ICE Progress
#11
Originally Posted by MacGyver,May 17 2006, 08:10 AM
I didn't look at the pdf linked, but make sure the "roofing" stuff you're getting isn't giving off tar fumes...nasty stuff will kill brain cells more quickly than crack cocaine.
http://www.polyguardproducts.com/MSD..._laminates.pdf
This stuff is 100% functionally identical, at 1/4 the cost. I doubt Elemental Designs manufactures all their own damping material.
#13
#17
Originally Posted by RXDI,May 18 2006, 07:08 PM
He concludes that Peel and Seel is identical to eDead V.1, but that there is a possibility of the stuff falling off over time. I used to rub down the panels with denatured alcohol before applying deadener, just to clean off any oils. It's hard for me to believe that the deadener will fall off, the stuff is nasty sticky, but then again, I never went back and looked after a few years...
Quoted from http://www.sounddeadenershowdown.com/which/
"What are these things made of?
This is at the heart of the matter. There are three basic compounds used for the adhesive layer of these products:
SBR(styrene-butadiene-rubber)/Asphalt
This is the least expensive material to use. It is predominantly asphalt with a latex polymer, the SBR part, added for stability. Asphalt has one virtue. It is cheap. They make roads out of it. Unfortunately, it has several negative features that limit its usefulness for our purposes. It melts at a relatively low temperature. It becomes brittle at a relatively high temperature. Both states are bad for us. Optimum viscoelasticity requires that the material not be liquid or solid. Basic mass loading requires that the material adhere to the surface we want it to. If it melts, it will fall off vertical or inverted surfaces. If it becomes brittle, it is susceptible to detaching under normal vibrations.
The rubber compound is added to the asphalt to stabilize it. SBR/asphalt melts at a higher temperature and becomes brittle at a lower temperature than plain or "neat" asphalt. This doesn't completely solve the problem. SBR is subject to long term deterioration at temperatures that are possible in a car.
When I started this investigation, one of my primary objectives was to figure out why so many people seemed to have trouble with their mat falling off. If you search the Web for sound deadener falling off, you will see lots of cases of asphalt mats failing and no failures that I have been able to find involving butyl based mats. It just isn't possible that user error would be so neatly divided.
I looked at the specifications for products developed for roofing, which many of the products in this category began life as, I saw the problem. Roofing materials are designed to withstand temperatures of 158
#18
Thanks Chiung..
For me there were to many to choose from. So I had norrowed it down to eDead and FatMat. I found eDead for $.60 a sq ft, so that was my deciding factor.

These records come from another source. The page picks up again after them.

lemma sum_circlepath_integrals_eq_limit_at_infinity:
  fixes c :: "'i \<Rightarrow> complex" and r \<rho> :: "'i \<Rightarrow> real"
  assumes "finite S"
    and "\<And>s. s \<in> S \<Longrightarrow> 0 < \<rho> s \<and> \<rho> s < r s"
    and "\<And>s t. s \<in> S \<Longrightarrow> t \<in> S \<Longrightarrow> s \<noteq> t \<Longrightarrow> cball (c s) (r s) \<inter> cball (c t) (r t) = {}"
    and "F holomorphic_on - (\<Union>s\<in>S. cball (c s) (\<rho> s))"
    and "((\<lambda>z. z * F z) \<longlongrightarrow> L) at_infinity"
  shows "(\<Sum>s\<in>S. contour_integral (circlepath (c s) (r s)) F) = 2 * of_real pi * \<i> * L"
  using assms
proof (induction S arbitrary: F L rule: finite_induct)
  case empty
  then show ?case using entire_times_tendsto_at_infinity_imp_0 by simp
next
  case (insert k S)
  note radii = insert.prems(1) and disj = insert.prems(2)
  define \<rho>' where "\<rho>' = (\<rho> k + r k) / 2"
  have \<rho>': "\<rho> k < \<rho>'" "\<rho>' < r k" "0 < \<rho>'" using radii[of k] by (auto simp: \<rho>'_def)
  define \<Omega> where "\<Omega> = - (\<Union>s\<in>insert k S. cball (c s) (\<rho> s))"
  have F: "F holomorphic_on \<Omega>" using insert.prems(3) unfolding \<Omega>_def .
  have open_\<Omega>: "open \<Omega>" unfolding \<Omega>_def using insert.hyps(1) by (intro open_Compl closed_UN) auto
  have annulus: "p \<in> \<Omega>" if "\<rho>' \<le> norm (p - c k)" "norm (p - c k) \<le> r k" for p
  proof -
    have "p \<notin> cball (c s) (\<rho> s)" if s: "s \<in> S" for s
    proof -
      have "cball (c s) (\<rho> s) \<subseteq> cball (c s) (r s)" using radii[of s] s by auto
      moreover have "p \<in> cball (c k) (r k)" using \<open>norm (p - c k) \<le> r k\<close> by (simp add: dist_norm norm_minus_commute)
      ultimately show ?thesis using disj[of s k] s insert.hyps(2) by blast
    qed
    then show ?thesis using that \<rho>' unfolding \<Omega>_def by (auto simp: dist_norm norm_minus_commute)
  qed
  obtain Fo G where Fo: "Fo holomorphic_on - sphere (c k) \<rho>'"
    and G: "G holomorphic_on ball (c k) (r k) \<union> (\<Omega> - cball (c k) \<rho>')"
    and G_outside: "\<And>z. z \<notin> ball (c k) (r k) \<Longrightarrow> G z = F z - Fo z"
    and G_lim: "((\<lambda>z. z * G z)
                  \<longlongrightarrow> L - contour_integral (circlepath (c k) (r k)) F / (2 * of_real pi * \<i>)) at_infinity"
    using split_off_disk[OF \<rho>'(3,2) open_\<Omega> F annulus insert.prems(4)] by blast
  have "- (\<Union>s\<in>S. cball (c s) (\<rho> s)) \<subseteq> ball (c k) (r k) \<union> (\<Omega> - cball (c k) \<rho>')"
    using \<rho>' unfolding \<Omega>_def by auto
  then have IH: "(\<Sum>s\<in>S. contour_integral (circlepath (c s) (r s)) G)
                 = 2 * of_real pi * \<i> * L - contour_integral (circlepath (c k) (r k)) F"
    using insert.IH[OF _ _ holomorphic_on_subset[OF G] G_lim] radii disj
    by (simp add: right_diff_distrib)
  have "contour_integral (circlepath (c s) (r s)) G = contour_integral (circlepath (c s) (r s)) F"
    if s: "s \<in> S" for s
  proof (rule contour_integral_circlepath_subtract_far_holomorphic[OF _ _ Fo])
    have "s \<noteq> k" using s insert.hyps(2) by auto
    have "sphere (c s) (r s) \<inter> (\<Union>t\<in>insert k S. cball (c t) (\<rho> t)) = {}"
      using s radii disj by (intro sphere_disjoint_from_shrunk_cballs) auto
    moreover have "sphere (c s) (r s) \<inter> ball (c k) (r k) = {}"
    proof -
      have "sphere (c s) (r s) \<subseteq> cball (c s) (r s)" "ball (c k) (r k) \<subseteq> cball (c k) (r k)" by auto
      then show ?thesis using disj[of s k] s \<open>s \<noteq> k\<close> by blast
    qed
    ultimately have sphere_s: "sphere (c s) (r s) \<subseteq> \<Omega> - ball (c k) (r k)"
      unfolding \<Omega>_def by blast
    show "0 < r s" using radii[of s] s by auto
    then show "F contour_integrable_on circlepath (c s) (r s)"
      using sphere_s open_\<Omega> by (intro contour_integrable_holomorphic_simple[OF F]) auto
    show "r s + \<rho>' < dist (c s) (c k)"
      using dist_gt_if_disjoint_cballs[OF disj[of s k]] s \<open>s \<noteq> k\<close> radii[of s] radii[of k] \<rho>' by auto
    show "G z = F z - Fo z" if "z \<in> sphere (c s) (r s)" for z
      using that sphere_s G_outside by blast
  qed
  then show ?case
    using IH insert.hyps by (simp add: algebra_simps)
qed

I wish I had consulted with you first though, lol.
#20
Originally Posted by jcarlton,May 17 2006, 08:30 AM
That looks great Josh. It will help you more than you know. Do under the plastic cover that the convertable top lays down on and get a roof mat. You get a lot of noise there.
As far as bass. I am still waiting for someone to make a good sub for the trunk. A ported box mounts where the spare tire does and vents into the cabin. All the trunk subs I have heard give you the feel but distort the sound of the bass because it is in the trunk. You might as well get some bass shakers and put some 6in behind the seat.
As far as bass. I am still waiting for someone to make a good sub for the trunk. A ported box mounts where the spare tire does and vents into the cabin. All the trunk subs I have heard give you the feel but distort the sound of the bass because it is in the trunk. You might as well get some bass shakers and put some 6in behind the seat.
This problem is somewhat solved by cutting a hole in the top tray. This "ports" the sub into the cabin, and prevents some of the top tray rattle. I cut my holes directly above my amp to enable the fans to cool rapidly. My system is massively overpowered, so this may be overkill, but i'm sure it helps when really driving the system. ( I hate the sound of clipping amps.) People that have listened are impressed.
Modifry, and a few other's have mounted a Sub inthe passenger footwell. This seems to be the best solution to an incabin sub set-up. Putting a sub in the spare well would be difficult but might work as an excellent solution.
I can also attest to Chiung's knowledge. His has the only home system I have been jealous of in about 5 years.